YOUR OBJECTIVE: Every line in the records below that holds the word "pairs" is to be copied.

LISTED RECORDS:
lemma walk_length_le_edge_bound:
  assumes "\<And>c d. (c, d) \<in> set (walk_edges xs) \<Longrightarrow> dist c d \<le> L"
  shows "walk_length xs \<le> real (length xs - 1) * L"
proof -
  have "walk_length xs \<le> (\<Sum>i<length xs - 1. L)"
    unfolding walk_length_def
    by (intro sum_mono assms) (auto simp: in_set_walk_edges_iff intro!: exI)
  then show ?thesis by simp
qed

abbreviation del_edge :: "('a \<times> 'a) set \<Rightarrow> 'a \<Rightarrow> 'a \<Rightarrow> ('a \<times> 'a) set" where
  "del_edge T a b \<equiv> T - {(a, b), (b, a)}"

lemma sym_del_edge: "sym T \<Longrightarrow> sym (del_edge T a b)"
  unfolding sym_def by blast

lemma rtrancl_sym_swap: "sym E \<Longrightarrow> (u, v) \<in> E\<^sup>* \<Longrightarrow> (v, u) \<in> E\<^sup>*"
  using sym_rtrancl by (metis symD)

lemma rtrancl_del_edge_cases:
  "(u, z) \<in> T\<^sup>* \<Longrightarrow>
    (u, z) \<in> (del_edge T a b)\<^sup>* \<or> (a, z) \<in> (del_edge T a b)\<^sup>* \<or> (b, z) \<in> (del_edge T a b)\<^sup>*"
proof (induction rule: rtrancl_induct)
  case (step y z)
  show ?case
  proof (cases "(y, z) \<in> del_edge T a b")
    case True
    then show ?thesis using step(3) by (meson rtrancl_into_rtrancl)
  next
    case False
    then have "z = a \<or> z = b" using step(2) by blast
    then show ?thesis by auto
  qed
qed simp

lemma rtrancl_del_edge_eq:
  assumes "(a, b) \<in> (del_edge T a b)\<^sup>*" and "sym T"
  shows "(del_edge T a b)\<^sup>* = T\<^sup>*"
proof
  have "(b, a) \<in> (del_edge T a b)\<^sup>*"
    using rtrancl_sym_swap[OF sym_del_edge[OF \<open>sym T\<close>] assms(1)] .
  with assms(1) have "T \<subseteq> (del_edge T a b)\<^sup>*" by auto
  then show "T\<^sup>* \<subseteq> (del_edge T a b)\<^sup>*" by (rule rtrancl_subset_rtrancl)
qed (rule rtrancl_mono, blast)
(* Nodes have type 'v, the common node set is V, instances are 0..<l,
   instance i has directed edge set E i ((a,b) means an edge a -> b),
   r z i is the rank of the node-instance pair (z,i). *)

record ('v) skim_state =
  covered   :: "('v \<times> nat) set"
  processed :: "('v \<times> nat) set"
  sketch    :: "'v \<Rightarrow> real set"
  seeds     :: "'v list"

(* z is reachable from u in the residual instance i, i.e. in G^(i) restricted
   to the nodes w with (w,i) uncovered; u reaches itself if (u,i) is uncovered. *)
definition res_reach ::
  "'v set \<Rightarrow> (nat \<Rightarrow> ('v \<times> 'v) set) \<Rightarrow> ('v \<times> nat) set \<Rightarrow> nat \<Rightarrow> 'v \<Rightarrow> 'v \<Rightarrow> bool" where
  "res_reach V E C i u z \<longleftrightarrow>
     u \<in> V \<and> (u, i) \<notin> C \<and> (u, z) \<in> (Restr (E i) {w \<in> V. (w, i) \<notin> C})\<^sup>*"

definition bottom_k :: "nat \<Rightarrow> real set \<Rightarrow> real set" where
  "bottom_k k S = {x \<in> S. card {y \<in> S. y < x} < k}"

definition kth_smallest :: "nat \<Rightarrow> real set \<Rightarrow> real" where
  "kth_smallest k S = (THE x. x \<in> S \<and> card {y \<in> S. y < x} = k - 1)"

definition combined_sketch ::
  "'v set \<Rightarrow> (nat \<Rightarrow> ('v \<times> 'v) set) \<Rightarrow> nat \<Rightarrow> ('v \<Rightarrow> nat \<Rightarrow> real) \<Rightarrow> nat
   \<Rightarrow> ('v \<times> nat) set \<Rightarrow> 'v \<Rightarrow> real set" where
  "combined_sketch V E l r k C u =
     bottom_k k {r z i | z i. i < l \<and> res_reach V E C i u z}"

definition skim_init :: "'v skim_state" where
  "skim_init = \<lparr>covered = {}, processed = {}, sketch = (\<lambda>_. {}), seeds = []\<rparr>"

definition avail :: "'v set \<Rightarrow> nat \<Rightarrow> 'v skim_state \<Rightarrow> ('v \<times> nat) set" where
  "avail V l s = {(u, i). u \<in> V \<and> i < l \<and> (u, i) \<notin> covered s \<and> (u, i) \<notin> processed s}"

(* processing one pair (u,i) in step (1): it is the available pair of minimum rank
   (i.e. processing continues in increasing rank order); the reverse search from u
   in the residual instance i inserts r u i into X_w of every visited node w *)
definition process_pair ::
  "'v set \<Rightarrow> (nat \<Rightarrow> ('v \<times> 'v) set) \<Rightarrow> nat \<Rightarrow> ('v \<Rightarrow> nat \<Rightarrow> real)
   \<Rightarrow> 'v skim_state \<Rightarrow> 'v skim_state \<Rightarrow> bool" where
  "process_pair V E l r s s' \<longleftrightarrow>
     (\<exists>u i. (u, i) \<in> avail V l s \<and>
        (\<forall>(z, j) \<in> avail V l s. r u i \<le> r z j) \<and>
        s' = s\<lparr>processed := insert (u, i) (processed s),
               sketch := (\<lambda>w. if res_reach V E (covered s) i w u
                                then insert (r u i) (sketch s w) else sketch s w)\<rparr>)"

(* step (1) of an iteration: scan s s1 x reg means that, starting in state s,
   processing pairs leads to state s1 where x is selected as seed;
   reg = True: selected because |X_x| = k; reg = False: all pairs exhausted and
   x has maximum |X_x|. *)
inductive skim_scan ::
  "'v set \<Rightarrow> (nat \<Rightarrow> ('v \<times> 'v) set) \<Rightarrow> nat \<Rightarrow> ('v \<Rightarrow> nat \<Rightarrow> real) \<Rightarrow> nat
   \<Rightarrow> 'v skim_state \<Rightarrow> 'v skim_state \<Rightarrow> 'v \<Rightarrow> bool \<Rightarrow> bool"
  for V E l r k where
  scan_select: "\<lbrakk> x \<in> V; card (sketch s x) = k \<rbrakk> \<Longrightarrow> skim_scan V E l r k s s x True"
| scan_step: "\<lbrakk> \<forall>w\<in>V. card (sketch s w) < k; process_pair V E l r s s1;
                 skim_scan V E l r k s1 s2 x b \<rbrakk> \<Longrightarrow> skim_scan V E l r k s s2 x b"
| scan_exhausted: "\<lbrakk> \<forall>w\<in>V. card (sketch s w) < k; avail V l s = {}; x \<in> V;
                      \<forall>w\<in>V. card (sketch s w) \<le> card (sketch s x) \<rbrakk>
                    \<Longrightarrow> skim_scan V E l r k s s x False"

definition residual_update ::
  "'v set \<Rightarrow> (nat \<Rightarrow> ('v \<times> 'v) set) \<Rightarrow> nat \<Rightarrow> 'v skim_state \<Rightarrow> 'v \<Rightarrow> 'v skim_state" where
  "residual_update V E l s x =
     s\<lparr>covered := covered s \<union> {(z, i). i < l \<and> res_reach V E (covered s) i x z},
       sketch := (\<lambda>u. sketch s u - sketch s x),
       seeds := seeds s @ [x]\<rparr>"

inductive skim_reachable ::
  "'v set \<Rightarrow> (nat \<Rightarrow> ('v \<times> 'v) set) \<Rightarrow> nat \<Rightarrow> ('v \<Rightarrow> nat \<Rightarrow> real) \<Rightarrow> nat
   \<Rightarrow> 'v skim_state \<Rightarrow> bool"
  for V E l r k where
  reach_init: "skim_reachable V E l r k skim_init"
| reach_iter: "\<lbrakk> skim_reachable V E l r k s; skim_scan V E l r k s s1 x b \<rbrakk>
               \<Longrightarrow> skim_reachable V E l r k (residual_update V E l s1 x)"

end

theory Submission
  imports Defs
begin
(* Let $K,L$ be compact Hausdorff spaces and suppose there are continuous maps $e\colon L\to K$ and $r\colon K\to L$ with $r\circ e=\mathrm{Id}_L$. If $C(K)$ has the ball fixed point property, then $C(L)$ has the ball fixed point property.
   Context: $C(K)$ is the real Banach space of continuous functions on compact $K$ with the sup norm. A real Banach space $X$ has the ball fixed point property (BFPP) if every nonexpansive map $T\colon B_X\to B_X$ (i.e. $\|Tx-Ty\|\le\|x-y\|$) has a fixed point, where $B_X$ is the closed unit ball. *)

theory Defs
  imports "HOL-Analysis.Analysis"
begin

text \<open>The real Banach space C(X) of continuous real functions on a compact space X,
  represented as functions that are continuous on topspace X and vanish outside it
  (so that equality of elements of C(X) is equality of HOL functions).\<close>
definition Cspace :: "'a topology \<Rightarrow> ('a \<Rightarrow> real) set" where
  "Cspace X = {f. continuous_map X euclideanreal f \<and> (\<forall>x. x \<notin> topspace X \<longrightarrow> f x = 0)}"

definition supnorm :: "'a topology \<Rightarrow> ('a \<Rightarrow> real) \<Rightarrow> real" where
  "supnorm X f = Sup ({0} \<union> (\<lambda>x. \<bar>f x\<bar>) ` topspace X)"

definition Cball :: "'a topology \<Rightarrow> ('a \<Rightarrow> real) set" where
  "Cball X = {f \<in> Cspace X. supnorm X f \<le> 1}"

definition BFPP_C :: "'a topology \<Rightarrow> bool" where
  "BFPP_C X \<longleftrightarrow>
     (\<forall>T. (\<forall>f\<in>Cball X. T f \<in> Cball X) \<and>
          (\<forall>f\<in>Cball X. \<forall>g\<in>Cball X. supnorm X (T f - T g) \<le> supnorm X (f - g))
        \<longrightarrow> (\<exists>f\<in>Cball X. T f = f))"

end

theory Submission
  imports Defs
begin

text \<open>If the unit ball of C(L) is a nonexpansive retract of the unit ball of C(K), then a
  nonexpansive self-map T of the ball of C(L) lifts to the nonexpansive self-map J \<circ> T \<circ> P
  of the ball of C(K); applying P to a fixed point of the lift gives a fixed point of T. For
  continuous maps e and r with r \<circ> e = id, the composition operators P g = g \<circ> e and
  J f = f \<circ> r provide such a retraction.\<close>

definition Ccomp :: "'a topology \<Rightarrow> ('a \<Rightarrow> 'b) \<Rightarrow> ('b \<Rightarrow> real) \<Rightarrow> 'a \<Rightarrow> real" where
  "Ccomp X p g = (\<lambda>x. if x \<in> topspace X then g (p x) else 0)"

lemma BFPP_C_nonexpansive_retract:
  assumes BFPP: "BFPP_C K"
    and P_Cball: "\<And>f. f \<in> Cball K \<Longrightarrow> P f \<in> Cball L"
    and J_Cball: "\<And>g. g \<in> Cball L \<Longrightarrow> J g \<in> Cball K"
    and P_nonexp: "\<And>f f'. f \<in> Cball K \<Longrightarrow> f' \<in> Cball K \<Longrightarrow>
                     supnorm L (P f - P f') \<le> supnorm K (f - f')"
    and J_nonexp: "\<And>g g'. g \<in> Cball L \<Longrightarrow> g' \<in> Cball L \<Longrightarrow>
                     supnorm K (J g - J g') \<le> supnorm L (g - g')"
    and P_J: "\<And>g. g \<in> Cball L \<Longrightarrow> P (J g) = g"
  shows "BFPP_C L"
  unfolding BFPP_C_def
proof (intro allI impI)
  fix T
  assume "(\<forall>g\<in>Cball L. T g \<in> Cball L) \<and>
          (\<forall>g\<in>Cball L. \<forall>g'\<in>Cball L. supnorm L (T g - T g') \<le> supnorm L (g - g'))"
  then have T_Cball: "\<And>g. g \<in> Cball L \<Longrightarrow> T g \<in> Cball L"
    and T_nonexp: "\<And>g g'. g \<in> Cball L \<Longrightarrow> g' \<in> Cball L \<Longrightarrow>
                     supnorm L (T g - T g') \<le> supnorm L (g - g')"
    by blast+
  define S where "S = J \<circ> T \<circ> P"
  have S_Cball: "\<forall>f\<in>Cball K. S f \<in> Cball K"
    by (simp add: S_def P_Cball T_Cball J_Cball)
  have S_nonexp: "\<forall>f\<in>Cball K. \<forall>f'\<in>Cball K. supnorm K (S f - S f') \<le> supnorm K (f - f')"
  proof (intro ballI)
    fix f f' assume f: "f \<in> Cball K" and f': "f' \<in> Cball K"
    have "supnorm K (S f - S f') \<le> supnorm L (T (P f) - T (P f'))"
      by (simp add: S_def J_nonexp T_Cball P_Cball f f')
    also have "\<dots> \<le> supnorm L (P f - P f')"
      by (simp add: T_nonexp P_Cball f f')
    also have "\<dots> \<le> supnorm K (f - f')"
      by (rule P_nonexp[OF f f'])
    finally show "supnorm K (S f - S f') \<le> supnorm K (f - f')" .
  qed
  obtain f where f: "f \<in> Cball K" "S f = f"
    using BFPP S_Cball S_nonexp unfolding BFPP_C_def by blast
  have "T (P f) = P (S f)"
    by (simp add: S_def P_J T_Cball P_Cball f(1))
  with f show "\<exists>g\<in>Cball L. T g = g"
    using P_Cball by auto
qed

lemma Cspace_diff: "f \<in> Cspace X \<Longrightarrow> g \<in> Cspace X \<Longrightarrow> f - g \<in> Cspace X"
  unfolding Cspace_def fun_diff_def by (auto intro: continuous_map_diff)

lemma bdd_above_abs_Cspace:
  assumes "f \<in> Cspace X" "compact_space X"
  shows "bdd_above ((\<lambda>x. \<bar>f x\<bar>) ` topspace X)"
proof -
  have "continuous_map X euclideanreal (\<lambda>x. \<bar>f x\<bar>)"
    using assms(1) unfolding Cspace_def by (auto intro: continuous_map_real_abs)
  then have "compactin euclideanreal ((\<lambda>x. \<bar>f x\<bar>) ` topspace X)"
    using image_compactin assms(2) compact_space_def by blast
  then show ?thesis
    by (simp add: compactin_euclidean_iff bounded_imp_bdd_above compact_imp_bounded)
qed

lemma Ccomp_in_Cspace:
  assumes "continuous_map X Y p" "g \<in> Cspace Y"
  shows "Ccomp X p g \<in> Cspace X"
proof -
  have "continuous_map X euclideanreal (g \<circ> p)"
    using assms unfolding Cspace_def by (auto intro: continuous_map_compose)
  then have "continuous_map X euclideanreal (Ccomp X p g)"
    by (rule continuous_map_eq) (simp add: Ccomp_def)
  then show ?thesis
    unfolding Cspace_def Ccomp_def by auto
qed

text \<open>Compactness of Y is what keeps the supremum defining supnorm Y g from being junk.\<close>

lemma supnorm_Ccomp_le:
  assumes "continuous_map X Y p" "g \<in> Cspace Y" "compact_space Y"
  shows "supnorm X (Ccomp X p g) \<le> supnorm Y g"
  unfolding supnorm_def
proof (rule cSup_subset_mono)
  show "{0} \<union> (\<lambda>x. \<bar>Ccomp X p g x\<bar>) ` topspace X \<noteq> {}"
    by simp
  show "bdd_above ({0} \<union> (\<lambda>y. \<bar>g y\<bar>) ` topspace Y)"
    using bdd_above_abs_Cspace[OF assms(2,3)] by simp
  show "{0} \<union> (\<lambda>x. \<bar>Ccomp X p g x\<bar>) ` topspace X \<subseteq> {0} \<union> (\<lambda>y. \<bar>g y\<bar>) ` topspace Y"
    using continuous_map_image_subset_topspace[OF assms(1)] by (auto simp: Ccomp_def)
qed

lemma Ccomp_diff: "Ccomp X p f - Ccomp X p g = Ccomp X p (f - g)"
  by (auto simp: Ccomp_def fun_eq_iff)

lemma Ccomp_in_Cball:
  assumes "continuous_map X Y p" "g \<in> Cball Y" "compact_space Y"
  shows "Ccomp X p g \<in> Cball X"
  using assms Ccomp_in_Cspace supnorm_Ccomp_le unfolding Cball_def by fastforce

lemma supnorm_Ccomp_diff_le:
  assumes "continuous_map X Y p" "f \<in> Cball Y" "g \<in> Cball Y" "compact_space Y"
  shows "supnorm X (Ccomp X p f - Ccomp X p g) \<le> supnorm Y (f - g)"
  using assms by (auto simp: Ccomp_diff Cball_def intro: supnorm_Ccomp_le Cspace_diff)

lemma Ccomp_Ccomp_retraction:
  assumes "continuous_map L K e" "\<forall>x\<in>topspace L. r (e x) = x" "g \<in> Cspace L"
  shows "Ccomp L e (Ccomp K r g) = g"
  using assms continuous_map_image_subset_topspace[OF assms(1)]
  by (auto simp: Ccomp_def fun_eq_iff Cspace_def)

theorem mainTheorem12:
  fixes K :: "'a topology" and L :: "'b topology"
    and e :: "'b \<Rightarrow> 'a" and r :: "'a \<Rightarrow> 'b"
  assumes "compact_space K" "Hausdorff_space K"
    and "compact_space L" "Hausdorff_space L"
    and "continuous_map L K e" "continuous_map K L r"
    and "\<forall>x\<in>topspace L. r (e x) = x"
    and "BFPP_C K"
  shows "BFPP_C L"
proof (rule BFPP_C_nonexpansive_retract[where P = "Ccomp L e" and J = "Ccomp K r"])
  show "BFPP_C K" by fact
  show "\<And>f. f \<in> Cball K \<Longrightarrow> Ccomp L e f \<in> Cball L"
    using assms(1,5) by (simp add: Ccomp_in_Cball)
  show "\<And>g. g \<in> Cball L \<Longrightarrow> Ccomp K r g \<in> Cball K"
    using assms(3,6) by (simp add: Ccomp_in_Cball)
  show "\<And>f f'. f \<in> Cball K \<Longrightarrow> f' \<in> Cball K \<Longrightarrow>
          supnorm L (Ccomp L e f - Ccomp L e f') \<le> supnorm K (f - f')"
    using assms(1,5) by (simp add: supnorm_Ccomp_diff_le)
  show "\<And>g g'. g \<in> Cball L \<Longrightarrow> g' \<in> Cball L \<Longrightarrow>
          supnorm K (Ccomp K r g - Ccomp K r g') \<le> supnorm L (g - g')"
    using assms(3,6) by (simp add: supnorm_Ccomp_diff_le)
  show "\<And>g. g \<in> Cball L \<Longrightarrow> Ccomp L e (Ccomp K r g) = g"
    using assms(5,7) by (simp add: Ccomp_Ccomp_retraction Cball_def)
qed

end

ANSWER FOR THE TASK:
   processing pairs leads to state s1 where x is selected as seed;
   reg = True: selected because |X_x| = k; reg = False: all pairs exhausted and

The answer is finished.